First female provost sees appointment as evolutionary, not revolutionary

While Wheaton students enjoyed a break from classes, President Philip Ryken announced the appointment of Margaret Diddams ‘83 as the first female provost of Wheaton College.

While Wheaton students enjoyed a break from classes, President Philip Ryken announced the appointment of Margaret Diddams ‘83 as the first female provost of Wheaton College.

The provost is also known as the chief academic officer at Wheaton and is responsible for the academics of the school. The faculty answer to the provost, and the provost answers to the president.

Diddams is currently the assistant provost at Seattle Pacific University in Seattle. Despite her time away from her alma mater, she said that Wheaton has always been a home to her. She still considers herself a Wheatie because Diddams, like many alumni, claims that Wheaton has always been a part of her identity.

When asked about being Wheaton’s first female provost, she said she was honored but that it is not a “big leap” for Wheaton. “For me, this is evolutionary, not revolutionary. There is already a serious number of women in leadership positions at Wheaton College,” Diddams replied.

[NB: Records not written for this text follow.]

theorem theorem3:
  fixes f :: "'a::euclidean_space \<Rightarrow> 'b::euclidean_space \<Rightarrow> 'a"
    and U :: "'a \<Rightarrow> 'c::euclidean_space \<Rightarrow> real \<Rightarrow> 'b"
    and s :: nat and a :: "nat \<Rightarrow> nat \<Rightarrow> real" and b :: "nat \<Rightarrow> real"
  assumes A1: "\<forall>X UU. compact X \<longrightarrow> compact UU \<longrightarrow>
                 (\<exists>L>0. \<forall>x\<in>X. \<forall>y\<in>X. \<forall>u\<in>UU. norm (f x u - f y u) \<le> L * norm (x - y))"
    and A2: "\<exists>Cf :: real \<Rightarrow> real \<Rightarrow> real.
               (\<forall>M Cu. 0 \<le> M \<longrightarrow> 0 \<le> Cu \<longrightarrow> Cf M Cu > 0) \<and>
               (\<forall>M M' Cu Cu'. 0 \<le> M \<longrightarrow> M \<le> M' \<longrightarrow> 0 \<le> Cu \<longrightarrow> Cu \<le> Cu' \<longrightarrow> Cf M Cu \<le> Cf M' Cu') \<and>
               (\<forall>M Cu x u. 0 \<le> M \<longrightarrow> 0 \<le> Cu \<longrightarrow> norm x \<le> M \<longrightarrow> norm u \<le> Cu \<longrightarrow>
                   norm (f x u) \<le> Cf M Cu)"
    and A3: "\<exists>Tu Cu :: real \<Rightarrow> real \<Rightarrow> real.
               (\<forall>M E. 0 \<le> M \<longrightarrow> 0 \<le> E \<longrightarrow> Tu M E > 0 \<and> Cu M E > 0) \<and>
               (\<forall>M M' E E'. 0 \<le> M \<longrightarrow> M \<le> M' \<longrightarrow> 0 \<le> E \<longrightarrow> E \<le> E' \<longrightarrow>
                   Tu M' E' \<le> Tu M E \<and> Cu M E \<le> Cu M' E') \<and>
               (\<forall>M E x e T. 0 \<le> M \<longrightarrow> 0 \<le> E \<longrightarrow> norm x \<le> M \<longrightarrow> norm e \<le> E \<longrightarrow>
                   0 < T \<longrightarrow> T < Tu M E \<longrightarrow> norm (U x e T) \<le> Cu M E)"
    and i: "\<exists>\<phi>. Kinf \<phi> \<and> (\<forall>E\<ge>0. \<exists>Ti>0. \<forall>e T. norm e \<le> E \<longrightarrow> 0 < T \<longrightarrow> T < Ti \<longrightarrow>
               norm (f 0 (U 0 e T)) \<le> \<phi> (norm e))"
    and ii: "\<exists>K Tii :: real \<Rightarrow> real \<Rightarrow> real.
               (\<forall>M E. 0 \<le> M \<longrightarrow> 0 \<le> E \<longrightarrow> K M E > 0 \<and> Tii M E > 0) \<and>
               (\<forall>M M' E E'. 0 \<le> M \<longrightarrow> M \<le> M' \<longrightarrow> 0 \<le> E \<longrightarrow> E \<le> E' \<longrightarrow>
                   K M E \<le> K M' E' \<and> Tii M' E' \<le> Tii M E) \<and>
               (\<forall>M E xa xb e T. 0 \<le> M \<longrightarrow> 0 \<le> E \<longrightarrow> norm xa \<le> M \<longrightarrow> norm xb \<le> M \<longrightarrow>
                   norm e \<le> E \<longrightarrow> 0 < T \<longrightarrow> T < Tii M E \<longrightarrow>
                   norm (f xa (U xa e T) - f xb (U xb e T)) \<le> K M E * norm (xa - xb))"
    and cons: "rk_consistent s b"
  shows "REPC (\<lambda>x e T. rk_model f s a b x (U x e T) T)
              (\<lambda>x e T. exact_model f x (U x e T) T)"
proof -
  obtain Cf :: "real \<Rightarrow> real \<Rightarrow> real"
    where Cf_pos: "\<And>M Cu. 0 \<le> M \<Longrightarrow> 0 \<le> Cu \<Longrightarrow> 0 < Cf M Cu"
      and Cf: "\<And>M Cu x u. 0 \<le> M \<Longrightarrow> 0 \<le> Cu \<Longrightarrow> norm x \<le> M \<Longrightarrow> norm u \<le> Cu \<Longrightarrow> norm (f x u) \<le> Cf M Cu"
    using A2 by blast
  obtain Tu Cu :: "real \<Rightarrow> real \<Rightarrow> real"
    where Tu_Cu_pos: "\<And>M E. 0 \<le> M \<Longrightarrow> 0 \<le> E \<Longrightarrow> 0 < Tu M E \<and> 0 < Cu M E"
      and Cu: "\<And>M E x e T. 0 \<le> M \<Longrightarrow> 0 \<le> E \<Longrightarrow> norm x \<le> M \<Longrightarrow> norm e \<le> E \<Longrightarrow>
        0 < T \<Longrightarrow> T < Tu M E \<Longrightarrow> norm (U x e T) \<le> Cu M E"
    using A3 by blast
  obtain \<phi> where \<phi>: "Kinf \<phi>" and origin: "\<And>E. 0 \<le> E \<Longrightarrow> \<exists>Ti>0. \<forall>e T. norm e \<le> E \<longrightarrow> 0 < T \<longrightarrow> T < Ti \<longrightarrow>
      norm (f 0 (U 0 e T)) \<le> \<phi> (norm e)"
    using i by blast
  obtain K Tii :: "real \<Rightarrow> real \<Rightarrow> real"
    where K_Tii_pos: "\<And>M E. 0 \<le> M \<Longrightarrow> 0 \<le> E \<Longrightarrow> 0 < K M E \<and> 0 < Tii M E"
      and K: "\<And>M E xa xb e T. 0 \<le> M \<Longrightarrow> 0 \<le> E \<Longrightarrow> norm xa \<le> M \<Longrightarrow> norm xb \<le> M \<Longrightarrow>
        norm e \<le> E \<Longrightarrow> 0 < T \<Longrightarrow> T < Tii M E \<Longrightarrow>
        norm (f xa (U xa e T) - f xb (U xb e T)) \<le> K M E * norm (xa - xb)"
    using ii by blast
  show ?thesis
    unfolding REPC_iff_REPC_bound
  proof (intro exI[of _ \<phi>] conjI \<phi> allI impI)
    fix M E :: real
    assume M: "0 \<le> M" and E: "0 \<le> E"
    obtain Ti where Ti: "0 < Ti" and origin_E: "\<And>e T. norm e \<le> E \<Longrightarrow> 0 < T \<Longrightarrow> T < Ti \<Longrightarrow>
        norm (f 0 (U 0 e T)) \<le> \<phi> (norm e)"
      using origin[OF E] by blast
    obtain L where L: "0 < L" and lip: "\<And>x y u. x \<in> cball 0 (M + 1) \<Longrightarrow> y \<in> cball 0 (M + 1) \<Longrightarrow>
        u \<in> cball 0 (Cu M E) \<Longrightarrow> norm (f x u - f y u) \<le> L * norm (x - y)"
      using A1 compact_cball by meson
    have lip_on: "L-lipschitz_on (cball 0 (M + 1)) (\<lambda>x. f x u)" if "u \<in> cball 0 (Cu M E)" for u
      using lip that L by (intro lipschitz_onI) (auto simp: dist_norm)
    have bound: "norm (f x u) \<le> Cf (M + 1) (Cu M E)"
      if "x \<in> cball 0 (M + 1)" "u \<in> cball 0 (Cu M E)" for x u
      using that M Tu_Cu_pos[OF M E] by (intro Cf) auto
    define T0 where "T0 = min (Tu M E) (min Ti (Tii M E))"
    have T0: "0 < T0"
      using Tu_Cu_pos[OF M E] K_Tii_pos[OF M E] Ti by (simp add: T0_def)
    have control: "U x e T \<in> cball 0 (Cu M E)"
      if "norm x \<le> M" "norm e \<le> E" "0 < T" "T < T0" for x e T
      using Cu[OF M E that(1-3)] that(4) by (simp add: T0_def)
    have closed_lip: "norm (f xa (U xa e T) - f xb (U xb e T)) \<le> K M E * norm (xa - xb)"
      if "norm xa \<le> M" "norm xb \<le> M" "norm e \<le> E" "0 < T" "T < T0" for xa xb e T
      using K[OF M E that(1-4)] that(5) by (simp add: T0_def)
    have origin_T0: "norm (f 0 (U 0 e T)) \<le> \<phi> (norm e)" if "norm e \<le> E" "0 < T" "T < T0" for e T
      using origin_E that by (simp add: T0_def)
    have B: "0 \<le> Cf (M + 1) (Cu M E)"
      using Cf_pos M Tu_Cu_pos[OF M E] by (simp add: less_imp_le)
    show "REPC_bound (\<lambda>x e T. rk_model f s a b x (U x e T) T)
        (\<lambda>x e T. exact_model f x (U x e T) T) \<phi> M E"
      using cons lip_on L bound B T0 control closed_lip conjunct1[OF K_Tii_pos[OF M E]] origin_T0
      by (rule rk_exact_REPC_bound)
  qed
qed
lemma nth_compose_w_inv: "fls_compose_fps f w_inv $$ n = - fls_residue (f * A powi (n - 1) * fls_deriv A)"
proof -
  define g where "g = fls_compose_fps f w_inv"
  define N0 where "N0 = min n (fls_subdegree g)"
  have "fls_vanishes_below g N0"
    unfolding N0_def using fls_vanishes_below_subdegree[of g] fls_vanishes_below_mono by simp
  then obtain T where T0: "fls_compose_fps g w = (\<Sum>m\<in>{N0..n}. fls_const (g $$ m) * A powi (- m)) + T"
    and lowT: "fls_vanishes_below T (n + 1)"
    by (rule compose_w_split)
  have T: "f = (\<Sum>m\<in>{N0..n}. fls_const (g $$ m) * A powi (- m)) + T"
    using T0 compose_w_inv_w[of f] unfolding g_def by simp
  have rT: "fls_residue (T * A powi (n - 1) * fls_deriv A) = 0"
    using fls_vanishes_below_mult[OF fls_vanishes_below_mult[OF lowT A_power_int_vanishes_below[of "n - 1"]]
        deriv_A_vanishes_below]
    by (intro fls_residue_eq_0_if_vanishes_below) simp
  have "f * A powi (n - 1) * fls_deriv A =
     (\<Sum>m\<in>{N0..n}. fls_const (g $$ m) * (A powi (- m + (n - 1)) * fls_deriv A)) + T * A powi (n - 1) * fls_deriv A"
    unfolding T distrib_right sum_distrib_right A_power_int_mult[symmetric] by (simp only: mult.assoc)
  then have "fls_residue (f * A powi (n - 1) * fls_deriv A) =
     (\<Sum>m\<in>{N0..n}. g $$ m * fls_residue (A powi (- m + (n - 1)) * fls_deriv A))"
    using rT by (simp only: fls_residue_add fls_residue_sum fls_residue_fls_const_times) simp
  also have "\<dots> = (\<Sum>m\<in>{N0..n}. if m = n then - g $$ m else 0)"
    by (intro sum.cong refl) (simp add: residue_A_power_int_deriv del: fls_residue_def)
  also have "\<dots> = - g $$ n" using N0_def by simp
  finally show ?thesis unfolding g_def by simp
qed

lemma UA_eq_residue: "UA K = - fres (B * A ^ K) A / of_nat K"
proof -
  have "exp_coeff A B (- (int K + 1)) = fls_compose_fps B w_inv $$ (int K + 1)"
    unfolding exp_coeff_def w_inv_def w_def by (simp add: add.commute)
  then show ?thesis unfolding UA_def fres_def by (simp add: nth_compose_w_inv mult.assoc)
qed

lemma uA_eq_residue: "uA K = - fls_residue (B * A powi (- int K) * fls_deriv A)"
  unfolding uA_def fres_def by (simp add: power_int_minus power_inverse mult.assoc)

lemma residue_PhiA_times:
  assumes "fls_vanishes_below C (- int N - 1)"
  shows "fls_residue (PhiA * C) = - (\<Sum>k\<in>{1..N}. UA k * fls_residue (A powi (- int k) * C))"
proof -
  have "PhiA = fls_compose_fps (fps_to_fls phiA) w"
    unfolding PhiA_def using fls_compose_fps_to_fls[OF w_nonzero w_nth_0] by simp
  moreover obtain T where "fls_compose_fps (fps_to_fls phiA) w =
      (\<Sum>m\<in>{0..int N}. fls_const (fps_to_fls phiA $$ m) * A powi (- m)) + T"
    and lowT: "fls_vanishes_below T (int N + 1)"
    by (rule compose_w_split[OF fls_vanishes_below_fps_to_fls])
  ultimately have T: "PhiA = (\<Sum>m\<in>{0..int N}. fls_const (fps_to_fls phiA $$ m) * A powi (- m)) + T"
    by simp
  have rT: "fls_residue (T * C) = 0"
    using fls_vanishes_below_mult[OF lowT assms] by (intro fls_residue_eq_0_if_vanishes_below) simp
  have "PhiA * C = (\<Sum>m\<in>{0..int N}. fls_const (fps_to_fls phiA $$ m) * (A powi (- m) * C)) + T * C"
    unfolding T distrib_right sum_distrib_right mult.assoc ..
  then have "fls_residue (PhiA * C) =
      (\<Sum>m\<in>{0..int N}. fps_to_fls phiA $$ m * fls_residue (A powi (- m) * C))"
    using rT by (simp only: fls_residue_add fls_residue_sum fls_residue_fls_const_times) simp
  also have "\<dots> = (\<Sum>k\<in>{0..N}. fps_to_fls phiA $$ int k * fls_residue (A powi (- int k) * C))"
  proof -
    have "{0..int N} = int ` {0..N}" by (simp add: image_int_atLeastAtMost)
    then show ?thesis by (simp add: sum.reindex del: fls_residue_def)
  qed
  also have "\<dots> = (\<Sum>k\<in>{1..N}. - UA k * fls_residue (A powi (- int k) * C))"
  proof -
    have "{0..N} = insert 0 {1..N}" by auto
    then show ?thesis by (simp add: phiA_def)
  qed
  finally show ?thesis by (simp add: sum_negf)
qed

lemma residue_B_PhiA: "fres (B * PhiA) A = (\<Sum>K\<in>{1..e+1}. uA K * UA K)"
proof -
  have "fls_vanishes_below (B * fls_deriv A) (- int (e+1) - 1)"
    by (rule fls_vanishes_below_mono[OF fls_vanishes_below_mult[OF fls_vanishes_below_small
          deriv_A_vanishes_below]]) simp
  from residue_PhiA_times[OF this] show ?thesis
    unfolding fres_def by (simp add: uA_eq_residue sum_negf[symmetric] ac_simps)
qed
lemma h10_slab_L4_estimate:
  assumes "U \<in> lmeasurable" and slab: "U \<subseteq> {x. 0 < x $ 3 \<and> x $ 3 < L}" and "0 \<le> L"
    and "h10 U \<phi> G" and "e > 0"
  shows "in_Lp 4 U \<phi> \<and> lp_norm 4 U \<phi> \<le> (8 * L * e\<^sup>2) powr (1/4) * lp_norm 2 U (Deps e G)"
proof -
  have U: "U \<in> sets lebesgue"
    using assms(1) by (simp add: fmeasurable_def)
  have restrict: "(\<integral>\<^sup>+x. F x \<partial>lebesgue_on U) = (\<integral>\<^sup>+x\<in>U. F x \<partial>lebesgue)" for F :: "real^3 \<Rightarrow> ennreal"
    using U by (simp add: nn_integral_restrict_space)
  obtain f where f: "\<And>n. C1c U (f n)"
    and f_lim: "(\<lambda>n. \<integral>\<^sup>+x. ennreal ((norm (f n x - \<phi> x))\<^sup>2) \<partial>lebesgue_on U) \<longlonglongrightarrow> 0"
    and grad_lim: "(\<lambda>n. \<integral>\<^sup>+x. ennreal ((norm (grad3 (f n) x - G x))\<^sup>2) \<partial>lebesgue_on U) \<longlonglongrightarrow> 0"
    and \<phi>_measurable [measurable]: "\<phi> \<in> borel_measurable (lebesgue_on U)"
    and G_measurable [measurable]: "G \<in> borel_measurable (lebesgue_on U)"
    using \<open>h10 U \<phi> G\<close> unfolding h10_def restrict by blast
  have f_measurable [measurable]: "f n \<in> borel_measurable (lebesgue_on U)" for n
    using f[of n] unfolding C1c_def
    by (intro continuous_imp_measurable_on_sets_lebesgue[OF _ U])
      (meson differentiable_at_imp_differentiable_on differentiable_imp_continuous_on)
  have grad3_measurable [measurable]: "grad3 (f n) \<in> borel_measurable (lebesgue_on U)" for n
    by (rule continuous_imp_measurable_on_sets_lebesgue[OF continuous_on_subset[OF C1c_continuous_on_grad3[OF f]] U])
      simp
  have Deps_lim: "(\<lambda>n. \<integral>\<^sup>+x. ennreal ((norm (Deps e (grad3 (f n)) x - Deps e G x))\<^sup>2) \<partial>lebesgue_on U) \<longlonglongrightarrow> 0"
    by (rule Deps_L2_tendsto[OF \<open>e > 0\<close> grad3_measurable G_measurable grad_lim])
  have bound: "(\<integral>\<^sup>+x. ennreal ((norm (\<phi> x))^4) \<partial>lebesgue_on U) \<le>
      ennreal (8 * L * e\<^sup>2) * (\<integral>\<^sup>+x. ennreal ((norm (Deps e G x))\<^sup>2) \<partial>lebesgue_on U)\<^sup>2"
  proof (rule fourth_moment_bound_L2_limit[where u = f and V = "\<lambda>n. Deps e (grad3 (f n))",
        OF finite_measure_lebesgue_on[OF assms(1)] f_measurable \<phi>_measurable
        measurable_Deps[OF grad3_measurable] measurable_Deps[OF G_measurable] f_lim Deps_lim])
    show "(\<integral>\<^sup>+x. ennreal ((norm (f n x))^4) \<partial>lebesgue_on U) \<le>
        ennreal (8 * L * e\<^sup>2) * (\<integral>\<^sup>+x. ennreal ((norm (Deps e (grad3 (f n)) x))\<^sup>2) \<partial>lebesgue_on U)\<^sup>2" for n
      by (rule C1c_slab_fourth_moment_le[OF f slab \<open>0 \<le> L\<close> \<open>e > 0\<close> U])
    show "(\<integral>\<^sup>+x. ennreal ((norm (Deps e (grad3 (f n)) x))\<^sup>2) \<partial>lebesgue_on U) < \<infinity>" for n
      by (rule C1c_nn_integral_Deps_less_top[OF f U])
    show "0 \<le> 8 * L * e\<^sup>2"
      using \<open>0 \<le> L\<close> by simp
  qed
  have "(\<integral>\<^sup>+x. ennreal ((norm (Deps e G x))\<^sup>2) \<partial>lebesgue_on U) < \<infinity>"
    by (rule nn_integral_power2_norm_less_top_of_L2_tendsto[OF _ _ Deps_lim C1c_nn_integral_Deps_less_top[OF f U]])
      measurable
  from lp_norm_4_le_of_nn_integral_le[OF \<phi>_measurable measurable_Deps[OF G_measurable] bound this]
  show ?thesis
    using \<open>0 \<le> L\<close> by simp
qed

section \<open>Thin domains\<close>

lemma continuous_on_proj12: "continuous_on S proj12"
  unfolding proj12_def
proof (intro continuous_on_vec_lambda)
  show "continuous_on S (\<lambda>x. if i = 1 then x $ 1 else x $ 2)" for i :: 2
    by (cases "i = 1") (simp_all add: continuous_on_component)
qed

lemma open_thin_dom:
  assumes "open \<omega>" and "continuous_on \<omega> h"
  shows "open (thin_dom \<omega> h c)"
proof -
  have "thin_dom \<omega> h c = proj12 -` \<omega> \<inter> (\<lambda>x. min (x $ 3) (c * h (proj12 x) - x $ 3)) -` {0<..}"
    by (auto simp: thin_dom_def)
  moreover have "continuous_on (proj12 -` \<omega>) (\<lambda>x. min (x $ 3) (c * h (proj12 x) - x $ 3))"
    by (intro continuous_intros continuous_on_compose2[OF assms(2) continuous_on_proj12]) auto
  ultimately show ?thesis
    using continuous_open_preimage[OF _ open_vimage[OF assms(1) continuous_on_proj12] open_greaterThan]
    by simp
qed

lemma thin_dom_subset_slab:
  assumes "\<forall>x\<in>\<omega>. h x \<le> M" and "c \<ge> 0"
  shows "thin_dom \<omega> h c \<subseteq> {x. 0 < x $ 3 \<and> x $ 3 < c * M}"
proof
  fix x
  assume "x \<in> thin_dom \<omega> h c"
  then have "proj12 x \<in> \<omega>" "0 < x $ 3" "x $ 3 < c * h (proj12 x)"
    by (auto simp: thin_dom_def)
  moreover have "c * h (proj12 x) \<le> c * M"
    using assms \<open>proj12 x \<in> \<omega>\<close> by (simp add: mult_left_mono)
  ultimately show "x \<in> {x. 0 < x $ 3 \<and> x $ 3 < c * M}"
    by simp
qed

lemma bounded_thin_dom:
  assumes "bounded \<omega>" and "\<forall>x\<in>\<omega>. h x \<le> M" and "c \<ge> 0"
  shows "bounded (thin_dom \<omega> h c)"
proof -
  obtain R where R: "\<And>y. y \<in> \<omega> \<Longrightarrow> norm y \<le> R"
    using assms(1) bounded_iff by blast
  show ?thesis
    unfolding bounded_iff
  proof (intro exI ballI)
    fix x
    assume x: "x \<in> thin_dom \<omega> h c"
    then have "proj12 x \<in> \<omega>"
      by (auto simp: thin_dom_def)
    then have "\<bar>x $ 1\<bar> \<le> R" "\<bar>x $ 2\<bar> \<le> R"
      using component_le_norm_cart[of "proj12 x" 1] component_le_norm_cart[of "proj12 x" 2] R
      by (force simp: proj12_def)+
    moreover have "\<bar>x $ 3\<bar> \<le> c * M"
      using thin_dom_subset_slab[OF assms(2,3)] x by auto
    ultimately show "norm x \<le> R + R + c * M"
      using norm_le_l1_cart[of x] by (simp add: sum_3)
  qed
qed

lemma thin_dom_L4_estimate:
  assumes "open \<omega>" "bounded \<omega>" "continuous_on \<omega> h" and hM: "\<forall>x\<in>\<omega>. h x \<le> M" and "M > 0"
    and "\<epsilon> > 0" "e > 0" and "h10 (thin_dom \<omega> h \<epsilon>) \<phi> G"
  shows "in_Lp 4 (thin_dom \<omega> h \<epsilon>) \<phi> \<and>
    lp_norm 4 (thin_dom \<omega> h \<epsilon>) \<phi> \<le>
      (8 * M) powr (1/4) * \<epsilon> powr (1/4) * e powr (1/2) * lp_norm 2 (thin_dom \<omega> h \<epsilon>) (Deps e G)"
proof -
  have "thin_dom \<omega> h \<epsilon> \<in> lmeasurable"
    using assms by (intro lmeasurable_open bounded_thin_dom open_thin_dom) auto
  moreover have "thin_dom \<omega> h \<epsilon> \<subseteq> {x. 0 < x $ 3 \<and> x $ 3 < \<epsilon> * M}"
    using thin_dom_subset_slab[OF hM] \<open>\<epsilon> > 0\<close> by simp
  moreover have "(e\<^sup>2) powr (1/4) = e powr (1/2)"
  proof -
    have "(e\<^sup>2) powr (1/4) = (e powr 2) powr (1/4)"
      using \<open>e > 0\<close> by simp
    also have "\<dots> = e powr (1/2)"
      by (simp add: powr_powr)
    finally show ?thesis .
  qed
  then have "(8 * (\<epsilon> * M) * e\<^sup>2) powr (1/4) = (8 * M) powr (1/4) * \<epsilon> powr (1/4) * e powr (1/2)"
    using \<open>\<epsilon> > 0\<close> \<open>M > 0\<close> by (simp add: powr_mult mult_ac)
  ultimately show ?thesis
    using h10_slab_L4_estimate[of "thin_dom \<omega> h \<epsilon>" "\<epsilon> * M" \<phi> G e] assms by simp
qed
(* Let $b:\Omega\times\mathbb R\to\mathbb R$ be a Carathéodory function, $C^1$ in $\eta$ for a.e. $x$ and measurable in $x$ for each $\eta$, with a constant $B_\eta\ge0$ such that $0\le\frac{\partial b}{\partial\eta}(x,\eta)\le B_\eta$ for a.e. $x\in\Omega$ and all $\eta\in\mathbb R$. Consider either (1D) $\Omega=(\alpha,\beta)$ with subdivision $\alpha=a_0<a_1<\dots<a_n=\beta$, $h_k=a_k-a_{k-1}$, and $\mathcal V$ the continuous piecewise linear functions on this subdivision vanishing at $\alpha$ and $\beta$; or (2D) $\Omega\subset\mathbb R^2$ polygonal with a conforming triangulation $\mathcal T$ such that there are $0<t_{min}\le t_{max}<\pi/2$ with every interior angle of every triangle in $[t_{min},t_{max}]$, and $\mathcal V$ the continuous piecewise linear functions on $\mathcal T$ vanishing on $\partial\Omega$. Let $\mathcal V^+=\{v\in\mathcal V:v\ge0\}$, let $u_1\in\mathcal V$ satisfy $\int_\Omega\nabla u_1\cdot\nabla v+b(x,u_1)v\,dx\le0$ for all $v\in\mathcal V^+$ and $u_2\in\mathcal V$ satisfy $\int_\Omega\nabla u_2\cdot\nabla v+b(x,u_2)v\,dx\ge0$ for all $v\in\mathcal V^+$. Suppose that, in the 1D case, $h_k^2<\frac{2}{B_\eta}$ for $k=1,\dots,n$, and in the 2D case, $|T|<\frac{3}{7B_\eta}\min_{k=1,2,3}\cot\theta_{T,k}$ for each $T\in\mathcal T$, where $|T|$ is the area of $T$ and $\theta_{T,1},\theta_{T,2},\theta_{T,3}$ are its interior angles. Then $u_1\le u_2$ in $\Omega$.
   Context: This concerns the $P_1$ finite element discretization of the semilinear problem $-\Delta u+b(x,u)=0$ in $\Omega$, $u=0$ on $\partial\Omega$, whose discrete form is: find $u\in\mathcal V$ with $\int_\Omega\nabla u\cdot\nabla v+b(x,u)v\,dx=0$ for all $v\in\mathcal V$; $u_1$ and $u_2$ are respectively a discrete sub- and supersolution of it. *)

theory Defs
  imports "HOL-Analysis.Analysis"
begin
lemma power_mean_mono:
  fixes x y s q :: real
  assumes "0 \<le> x" "0 \<le> y" "0 < s" "s \<le> q"
  shows "power_mean s x y \<le> power_mean q x y"
proof -
  have "((x powr s + y powr s) / 2) powr (q / s) \<le> ((x powr s) powr (q / s) + (y powr s) powr (q / s)) / 2"
    using powr_midpoint_le[of "q / s" "x powr s" "y powr s"] assms by simp
  also have "\<dots> = (x powr q + y powr q) / 2"
    using assms by (simp add: powr_powr)
  finally have "(((x powr s + y powr s) / 2) powr (q / s)) powr (1 / q) \<le> ((x powr q + y powr q) / 2) powr (1 / q)"
    using assms by (intro powr_mono2) auto
  then show ?thesis
    using assms by (simp add: power_mean_def powr_powr)
qed

lemma max_le_power_mean:
  fixes x y q :: real
  assumes "0 \<le> x" "0 \<le> y" "0 < q"
  shows "max x y \<le> 2 powr (1 / q) * power_mean q x y"
proof -
  have "max x y = (max x y powr q) powr (1 / q)"
    using assms by (simp add: powr_powr)
  also have "\<dots> \<le> (2 * ((x powr q + y powr q) / 2)) powr (1 / q)"
    using assms by (auto simp: max_def intro!: powr_mono2)
  also have "\<dots> = 2 powr (1 / q) * power_mean q x y"
    unfolding power_mean_def by (rule powr_mult)
  finally show ?thesis .
qed

text \<open>Since \<open>x powr r - y powr r\<close> is \<open>r * (x - y)\<close> times the mean of \<open>t powr (r - 1)\<close> over
  \<open>[y, x]\<close>, the next two lemmas are the Hermite-Hadamard bounds for this concave (\<open>r \<le> 2\<close>) and
  convex (\<open>r \<ge> 2\<close>) function.\<close>

lemma powr_diff_le_midpoint:
  fixes x y r :: real
  assumes "0 < y" "y \<le> x" "1 \<le> r" "r \<le> 2"
  shows "x powr r - y powr r \<le> r * (x - y) * ((x + y) / 2) powr (r - 1)"
proof -
  define h where "h t = r * (t - y) * ((t + y) / 2) powr (r - 1) - t powr r" for t
  have "h y \<le> h x"
  proof (rule DERIV_nonneg_imp_nondecreasing[OF assms(2)])
    fix t assume "y \<le> t" "t \<le> x"
    define m where "m = (t + y) / 2"
    have "0 < t" "0 < m" using \<open>y \<le> t\<close> assms by (auto simp: m_def)
    have "DERIV h t :> r * m powr (r - 1) + (r - 1) * m powr (r - 2) / 2 * (r * (t - y)) - r * t powr (r - 1)"
      unfolding h_def m_def using \<open>0 < t\<close> assms
      by (auto intro!: derivative_eq_intros simp: field_simps)
    moreover have "t powr (r - 1) \<le> m powr (r - 1) + (r - 1) * m powr (r - 2) * (t - m)"
      using powr_le_tangent_of_concave[of "r - 1" m t] assms \<open>0 < t\<close> \<open>0 < m\<close> by simp
    then have "0 \<le> r * (m powr (r - 1) + (r - 1) * m powr (r - 2) * (t - m) - t powr (r - 1))"
      using assms by simp
    then have "0 \<le> r * m powr (r - 1) + (r - 1) * m powr (r - 2) / 2 * (r * (t - y)) - r * t powr (r - 1)"
      by (simp add: m_def field_simps)
    ultimately show "\<exists>d. DERIV h t :> d \<and> 0 \<le> d" by blast
  qed
  then show ?thesis by (simp add: h_def algebra_simps)
qed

There are female deans, department heads and faculty that have a strong presence at the college — Diddams perceives herself as a part of this progress rather than a pioneer.

Progress is, in a large part, her hope for Wheaton. In light of recent events on campus, she said she understands that this is a time of lament as Wheaton moves forward. Faculty and clashed in the past few months as dozens of faculty signed a letter asking the current provost, Stanton Jones, to withdraw his charge to terminate former assistant professor of political science Larycia Hawkins.

Diddams said that she agrees with Ryken in his efforts to promote a “community of grace” at Wheaton when she joins him on campus this summer.

Jones is stepping down as provost of Wheaton at the end of this academic year, although he plans to stay at Wheaton as a psychology professor. In August, he cited health problems as his reason for leaving the role.

During her time as a Wheaton student, Diddams was involved in many co-curriculars. She was a member of the symphonic wind ensemble and student government. She was also the news director of WETN and was an athlete — she swam under current coach Jon Lederhouse and played field hockey.

Diddams still maintains an active lifestyle, participating in marathons and nationally competitive swim meets. She is also an apt photographer, capturing both nature and still life. When they have time, Diddams and her husband enjoy sailing and hiking — two hobbies that they will miss when they move to the Midwest.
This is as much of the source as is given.